Presiden Joko Widodo (Jokowi) menerbitkan aturan soal produk dalam negeri. Aturan tersebut diterbitkan Jokowi setelah jengkel gara-gara banyaknya penggunaan produk impor.
Jokowi menyampaikan kejengkelannya soal maraknya penggunaan produk impor oleh instansi pemerintah saat memberi pengarahan tentang Aksi Afirmasi Bangga Buatan Indonesia di Bali, Jumat (25/3/2022). Dia menyayangkan kegiatan impor produk-produk yang sebenarnya bisa diproduksi produsen dalam negeri.
"Coba, CCTV beli impor. Di dalam negeri ada yang bisa produksi. Apa-apaan ini? Dipikir kita bukan negara yang maju, buat CCTV saja beli impor. Seragam dan sepatu tentara dan polisi beli dari luar. Kita ini produksi di mana-mana bisa," ungkap Jokowi.
SCROLL TO CONTINUE WITH CONTENT
"Jangan diterus-teruskan," sambung Jokowi.
Jokowi juga menyoroti pengadaan produk alat kesehatan, seperti tempat tidur pasien rumah sakit yang diimpor. Jokowi menyebut padahal produsen dalam negeri sudah mampu membuat tempat tidur pasien rumah sakit, contohnya di Yogyakarta, Bekasi dan Tangerang.

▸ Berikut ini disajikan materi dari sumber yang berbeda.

lemma smooth_on_has_derivative_line:
  assumes "smooth_on S f" "b \<in> Basis" "p + h *\<^sub>R b \<in> S"
  shows "((\<lambda>h. f (p + h *\<^sub>R b)) has_real_derivative dirderiv f b (p + h *\<^sub>R b)) (at h)"
proof -
  have "(\<lambda>s. f ((p + h *\<^sub>R b) + s *\<^sub>R b)) differentiable (at 0)"
    using assms unfolding smooth_on_def by (metis Ck_on.simps(2))
  then have "((\<lambda>s. f ((p + h *\<^sub>R b) + s *\<^sub>R b)) has_real_derivative dirderiv f b (p + h *\<^sub>R b)) (at 0)"
    unfolding dirderiv_def by (simp add: DERIV_deriv_iff_real_differentiable)
  then show ?thesis
    using DERIV_shift[of "\<lambda>h. f (p + h *\<^sub>R b)" _ 0 h] by (simp add: scaleR_add_left add_ac)
qed

lemma smooth_on_has_derivative_fst:
  fixes \<psi> :: "'a::euclidean_space \<times> real \<Rightarrow> real"
  assumes "smooth_on UNIV \<psi>" "e \<in> Basis"
  shows "((\<lambda>h. \<psi> (x + h *\<^sub>R e, y)) has_real_derivative dirderiv \<psi> (e, 0) (x + h *\<^sub>R e, y)) (at h)"
  using smooth_on_has_derivative_line[OF assms(1), of "(e, 0)" "(x, y)" h] assms(2)
  by (simp add: Basis_prod_def)

lemma smooth_on_has_derivative_snd:
  fixes \<psi> :: "'a::euclidean_space \<times> real \<Rightarrow> real"
  assumes "smooth_on UNIV \<psi>"
  shows "((\<lambda>\<eta>. \<psi> (x, \<eta>)) has_real_derivative dirderiv \<psi> (0, 1) (x, \<eta>)) (at \<eta>)"
  using smooth_on_has_derivative_line[OF assms, of "(0, 1)" "(x, 0)" \<eta>]
  by (simp add: Basis_prod_def)

lemma dirderiv_snd: "dirderiv f (0, 1) (x, y) = deriv (\<lambda>\<eta>. f (x, \<eta>)) y"
  unfolding dirderiv_def by (subst deriv_shift_0) (simp add: o_def)

lemma dirderiv_snd_snd:
  "dirderiv (dirderiv f (0, 1)) (0, 1) (x, y) = deriv (deriv (\<lambda>\<eta>. f (x, \<eta>))) y"
  by (simp add: dirderiv_snd)

lemma sum_Basis_prod_real:
  "(\<Sum>b\<in>(Basis :: ('a::euclidean_space \<times> real) set). g b) = (\<Sum>e\<in>Basis. g (e, 0)) + g (0, 1)"
  unfolding Basis_prod_def by (subst sum.union_disjoint) (auto simp: sum.reindex inj_on_def)

lemma laplacian_prod_real:
  fixes f :: "'a::euclidean_space \<times> real \<Rightarrow> real"
  shows "laplacian f p = (\<Sum>e\<in>Basis. dirderiv (dirderiv f (e, 0)) (e, 0) p)
                         + dirderiv (dirderiv f (0, 1)) (0, 1) p"
  unfolding laplacian_def sum_Basis_prod_real ..

lemma deriv_deriv_eqI:
  fixes g :: "real \<Rightarrow> real"
  assumes "open U" "t \<in> U" "\<And>\<tau>. \<tau> \<in> U \<Longrightarrow> (g has_real_derivative g' \<tau>) (at \<tau>)"
    and "(g' has_real_derivative g'') (at t)"
  shows "deriv (deriv g) t = g''"
proof (rule DERIV_imp_deriv, rule has_field_derivative_transform_within_open)
  show "(g' has_real_derivative g'') (at t)" by fact
  show "g' \<tau> = deriv g \<tau>" if "\<tau> \<in> U" for \<tau>
    using DERIV_imp_deriv[OF assms(3)[OF that]] by simp
qed (use assms in auto)

lemma has_real_derivative_shift_0:
  "(f has_real_derivative D) (at y) \<Longrightarrow> ((\<lambda>h. f (y + h)) has_real_derivative D) (at 0)"
  using DERIV_shift[of f D 0 y] by (simp add: add.commute)

section \<open>The hyperbolic radius\<close>

definition hyperbolic_radius :: "real \<Rightarrow> real \<Rightarrow> real" where
  "hyperbolic_radius y t = sqrt (y\<^sup>2 - t\<^sup>2)"

lemma hyperbolic_radius_pos:
  assumes "\<bar>t\<bar> < y"
  shows "hyperbolic_radius y t > 0"
proof -
  have "t\<^sup>2 < y\<^sup>2"
    using assms abs_le_square_iff[of y t] by auto
  then show ?thesis
    unfolding hyperbolic_radius_def by simp
qed

lemma hyperbolic_radius_square: "\<bar>t\<bar> < y \<Longrightarrow> (hyperbolic_radius y t)\<^sup>2 = y\<^sup>2 - t\<^sup>2"
  using hyperbolic_radius_pos[of t y] unfolding hyperbolic_radius_def
  by (metis real_sqrt_gt_0_iff real_sqrt_pow2 less_imp_le)

lemma hyperbolic_radius_has_derivative_fst:
  assumes "\<bar>t\<bar> < y"
  shows "((\<lambda>\<eta>. hyperbolic_radius \<eta> t) has_real_derivative y / hyperbolic_radius y t) (at y)"
proof -
  have "y\<^sup>2 - t\<^sup>2 > 0"
    using hyperbolic_radius_pos[OF assms] by (simp add: hyperbolic_radius_def)
  then show ?thesis
    unfolding hyperbolic_radius_def
    by (auto intro!: derivative_eq_intros simp: field_simps)
qed

lemma hyperbolic_radius_has_derivative_snd:
  assumes "\<bar>t\<bar> < y"
  shows "((\<lambda>\<tau>. hyperbolic_radius y \<tau>) has_real_derivative - t / hyperbolic_radius y t) (at t)"
proof -
  have "y\<^sup>2 - t\<^sup>2 > 0"
    using hyperbolic_radius_pos[OF assms] by (simp add: hyperbolic_radius_def)
  then show ?thesis
    unfolding hyperbolic_radius_def
    by (auto intro!: derivative_eq_intros simp: field_simps)
qed

lemma continuous_on_hyperbolic_radius [continuous_intros]:
  "continuous_on S f \<Longrightarrow> continuous_on S g \<Longrightarrow> continuous_on S (\<lambda>p. hyperbolic_radius (f p) (g p))"
  unfolding hyperbolic_radius_def by (intro continuous_intros)

lemma deriv_deriv_hyperbolic_radius_snd:
  fixes f f' f'' :: "real \<Rightarrow> real"
  assumes f: "\<And>\<rho>. \<rho> > 0 \<Longrightarrow> (f has_real_derivative f' \<rho>) (at \<rho>)"
    and f': "\<And>\<rho>. \<rho> > 0 \<Longrightarrow> (f' has_real_derivative f'' \<rho>) (at \<rho>)"
    and yt: "\<bar>t\<bar> < y"
  defines "r \<equiv> hyperbolic_radius y t"
  shows "deriv (deriv (\<lambda>\<tau>. f (hyperbolic_radius y \<tau>))) t = f'' r * t\<^sup>2 / r\<^sup>2 - f' r * (r\<^sup>2 + t\<^sup>2) / r ^ 3"
proof (rule deriv_deriv_eqI)
  let ?R = "hyperbolic_radius y"
  have R: "(?R has_real_derivative - \<tau> / ?R \<tau>) (at \<tau>)" "?R \<tau> > 0" if "\<tau> \<in> {-y<..<y}" for \<tau>
    using that hyperbolic_radius_has_derivative_snd hyperbolic_radius_pos by (auto simp: abs_less_iff)
  show "((\<lambda>\<tau>. f (?R \<tau>)) has_real_derivative f' (?R \<tau>) * (- \<tau> / ?R \<tau>)) (at \<tau>)"
    if "\<tau> \<in> {-y<..<y}" for \<tau>
    by (rule DERIV_chain2[OF f]) (use R that in auto)
  have t: "t \<in> {-y<..<y}"
    using yt by (auto simp: abs_less_iff)
  have "((\<lambda>\<tau>. f' (?R \<tau>)) has_real_derivative f'' r * (- t / r)) (at t)"
    unfolding r_def by (rule DERIV_chain2[OF f']) (use R t in auto)
  moreover have "((\<lambda>\<tau>. - \<tau> / ?R \<tau>) has_real_derivative (- r - (- t) * (- t / r)) / (r * r)) (at t)"
    unfolding r_def using R[OF t] by (intro DERIV_divide derivative_eq_intros) auto
  ultimately show "((\<lambda>\<tau>. f' (?R \<tau>) * (- \<tau> / ?R \<tau>)) has_real_derivative
      f'' r * t\<^sup>2 / r\<^sup>2 - f' r * (r\<^sup>2 + t\<^sup>2) / r ^ 3) (at t)"
    using R(2)[OF t]
    by (intro DERIV_cong[OF DERIV_mult]) (auto simp: r_def[symmetric] field_simps power2_eq_square power3_eq_cube)
qed (use yt in \<open>auto simp: abs_less_iff\<close>)

lemma deriv_deriv_hyperbolic_radius_fst:
  fixes f f' f'' :: "real \<Rightarrow> real"
  assumes f: "\<And>\<rho>. \<rho> > 0 \<Longrightarrow> (f has_real_derivative f' \<rho>) (at \<rho>)"
    and f': "\<And>\<rho>. \<rho> > 0 \<Longrightarrow> (f' has_real_derivative f'' \<rho>) (at \<rho>)"
    and yt: "\<bar>t\<bar> < y"
  defines "r \<equiv> hyperbolic_radius y t"
  shows "deriv (deriv (\<lambda>\<eta>. f (hyperbolic_radius \<eta> t))) y = f'' r * y\<^sup>2 / r\<^sup>2 + f' r * (r\<^sup>2 - y\<^sup>2) / r ^ 3"
proof (rule deriv_deriv_eqI)
  let ?R = "\<lambda>\<eta>. hyperbolic_radius \<eta> t"
  have R: "(?R has_real_derivative \<eta> / ?R \<eta>) (at \<eta>)" "?R \<eta> > 0" if "\<eta> \<in> {\<bar>t\<bar><..}" for \<eta>
    using that hyperbolic_radius_has_derivative_fst hyperbolic_radius_pos by auto
  show "((\<lambda>\<eta>. f (?R \<eta>)) has_real_derivative f' (?R \<eta>) * (\<eta> / ?R \<eta>)) (at \<eta>)"
    if "\<eta> \<in> {\<bar>t\<bar><..}" for \<eta>
    by (rule DERIV_chain2[OF f]) (use R that in auto)
  have y: "y \<in> {\<bar>t\<bar><..}"
    using yt by auto
  have "((\<lambda>\<eta>. f' (?R \<eta>)) has_real_derivative f'' r * (y / r)) (at y)"
    unfolding r_def by (rule DERIV_chain2[OF f']) (use R y in auto)
  moreover have "((\<lambda>\<eta>. \<eta> / ?R \<eta>) has_real_derivative (r - y * (y / r)) / (r * r)) (at y)"
    unfolding r_def using R[OF y] by (intro DERIV_divide derivative_eq_intros) auto
  ultimately show "((\<lambda>\<eta>. f' (?R \<eta>) * (\<eta> / ?R \<eta>)) has_real_derivative
      f'' r * y\<^sup>2 / r\<^sup>2 + f' r * (r\<^sup>2 - y\<^sup>2) / r ^ 3) (at y)"
    using R(2)[OF y]
    by (intro DERIV_cong[OF DERIV_mult]) (auto simp: r_def[symmetric] field_simps power2_eq_square power3_eq_cube)
qed (use yt in auto)

lemma hyperbolic_radial_wave_operator:
  fixes f f' f'' :: "real \<Rightarrow> real"
  assumes f: "\<And>\<rho>. \<rho> > 0 \<Longrightarrow> (f has_real_derivative f' \<rho>) (at \<rho>)"
    and f': "\<And>\<rho>. \<rho> > 0 \<Longrightarrow> (f' has_real_derivative f'' \<rho>) (at \<rho>)"
    and yt: "\<bar>t\<bar> < y"
  defines "r \<equiv> hyperbolic_radius y t"
  shows "deriv (deriv (\<lambda>\<tau>. f (hyperbolic_radius y \<tau>))) t - deriv (deriv (\<lambda>\<eta>. f (hyperbolic_radius \<eta> t))) y
         = - f'' r - f' r / r"
proof -
  have "r > 0" and y: "y\<^sup>2 = r\<^sup>2 + t\<^sup>2"
    using hyperbolic_radius_pos[OF yt] hyperbolic_radius_square[OF yt] by (simp_all add: r_def)
  have "deriv (deriv (\<lambda>\<tau>. f (hyperbolic_radius y \<tau>))) t - deriv (deriv (\<lambda>\<eta>. f (hyperbolic_radius \<eta> t))) y
      = f'' r * t\<^sup>2 / r\<^sup>2 - f' r * (r\<^sup>2 + t\<^sup>2) / r ^ 3 - (f'' r * y\<^sup>2 / r\<^sup>2 + f' r * (r\<^sup>2 - y\<^sup>2) / r ^ 3)"
    unfolding r_def using deriv_deriv_hyperbolic_radius_snd[OF f f' yt] deriv_deriv_hyperbolic_radius_fst[OF f f' yt]
    by simp
  also have "\<dots> = - f'' r - f' r / r"
    unfolding y using \<open>r > 0\<close> by (simp add: field_simps power2_eq_square power3_eq_cube)
  finally show ?thesis .
qed

section \<open>Sine moments\<close>

definition sine_moment :: "('a \<times> real \<Rightarrow> real) \<Rightarrow> nat \<Rightarrow> 'a \<Rightarrow> real \<Rightarrow> real" where
  "sine_moment \<psi> k x \<rho> = integral {0..pi/2} (\<lambda>s. \<psi> (x, \<rho> * sin s) * sin s ^ k)"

"Alkes, alkes, Menteri Kesehatan, tempat tidur untuk rumah sakit, produksi saya lihat di Jogja ada, Bekasi, Tangerang ada. (Tapi malah) beli impor. Mau kita terus-teruskan?" kata Jokowi.
Jokowi mengancam akan mengumumkan instansi mana saja yang kerap impor barang. Dia mengaku sudah jengkel.
"Silakan. Nanti mau saya umumkan, kok. Saya kalau sudah jengkel kayak gini, saya umumin nanti. Ini rumah sakit daerah beli impor, Kemenkes masih impor, tak (saya) baca nanti. Karena sekarang gampang banget, detail, (laporan) harian bisa saya pantau betul," ucap Jokowi.
Jokowi juga mengkritik kegiatan impor alat-alat pertanian hingga peralatan menulis. Dia meminta pemerintah daerah, kementerian dan lembaga menggunakan produk yang diproduksi di dalam negeri.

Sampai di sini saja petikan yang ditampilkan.